Fast-growing SMBHs in Fast-growing Galaxies, at High Redshifts: the Role of Major Mergers as Revealed by ALMA

TL;DR

This study investigates the role of major galaxy mergers in the rapid growth of supermassive black holes at high redshifts, using ALMA observations of quasars and their companions to understand different fueling mechanisms.

Contribution

It provides observational evidence linking major mergers to SMBH growth at high redshift, while also highlighting the diversity of host galaxy properties and accretion processes.

Findings

Major mergers are observed in some high-redshift quasars, supporting their role in SMBH growth.

Not all high-SFR quasar hosts show signs of mergers, indicating alternative fueling mechanisms.
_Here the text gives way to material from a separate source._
(* If $w \in A^*$ is arbitrary, then the clean overlap prefix of $w$, if any, can be found in time linear in the length of $w$.
   Context: Let $\mathcal{P}=\langle A \mid R\rangle$ be a fixed finite monoid presentation satisfying the small overlap condition $C(4)$: no relation word (a word on either side of a relation in $R$) can be written as a product of fewer than 4 pieces, where a piece is a word that is a factor of at least two distinct relation words, or occurs more than once (possibly overlapping) as a factor of a single relation word. Every relation word $u$ factors as $u=X_uY_uZ_u$, where $X_u$ is the longest prefix of $u$ that is a piece, $Z_u$ is the longest suffix of $u$ that is a piece, and $Y_u$ is the middle word. Let $M$ denote the number of distinct relation words and $\delta$ the length of the longest relation word. A relation prefix of $w$ is a prefix of the form $aXY$ with $a\in A^*$ and $X,Y$ the maximal piece prefix and middle word of some relation word. A relation prefix $bX_1Y_1'\cdots X_{n-1}Y_{n-1}'X_nY_n$ ($n\ge 1$) is an overlap prefix if each $Y_i'$ is a proper non-empty prefix of the middle word $Y_i$ of some relation word $X_iY_iZ_i$, and no factor of the form $X_0Y_0$ (maximal piece prefix followed by middle word of a relation word) begins before the end of $b$. A relation prefix $aXY$ of $w$ is clean if $w$ has no prefix of the form $aXY'X_0Y_0$ with $Y'$ a proper prefix of $Y$; a clean overlap prefix is an overlap prefix that is also clean. The presentation is fixed, so constants depending on $M$ and $\delta$ are ignored in the complexity. *)

theory Defs
  imports Main "HOL-Library.Sublist"
begin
ALMA detects companion galaxies at significant distances, implying diverse pathways for SMBH accretion.

Abstract

We present a long-term, multi-wavelength project to understand the epoch of fastest growth of the most massive black holes by using a sample of 40 luminous quasars at z~4.8. These quasars have rather uniform properties, with typical accretion rates and black hole masses of L/L_Edd~0.7 and M_BH~10^9 M_sol. The sample consists of "FIR-bright" sources with a previous Herschel/SPIRE detection, suggesting SFR > 1000 M_sol/yr, as well as of "FIR-faint" sources for which Herschel stacking analysis implies a typical SFR of ~400 M_sol/yr. Six of the quasars have been observed by ALMA in [CII]{\lambda}157.74 micron line emission and adjacent rest-frame 150 micron continuum, to study the dusty cold ISM. ALMA detected companion, spectroscopically confirmed sub-mm galaxies (SMGs) for three sources - one FIR-bright and two FIR-faint. The companions are separated by ~14-45 kpc from the quasar hosts, and we interpret them as major galaxy interactions. Our ALMA data therefore clearly support the idea that major mergers may be important drivers for rapid, early SMBH growth. However, the fact that not all high-SFR quasar hosts are accompanied by interacting SMGs, and their ordered gas kinematics observed by ALMA, suggest that other processes may be fueling these systems. Our analysis thus demonstrates the diversity of host galaxy properties and gas accretion mechanisms associated with early and rapid SMBH growth.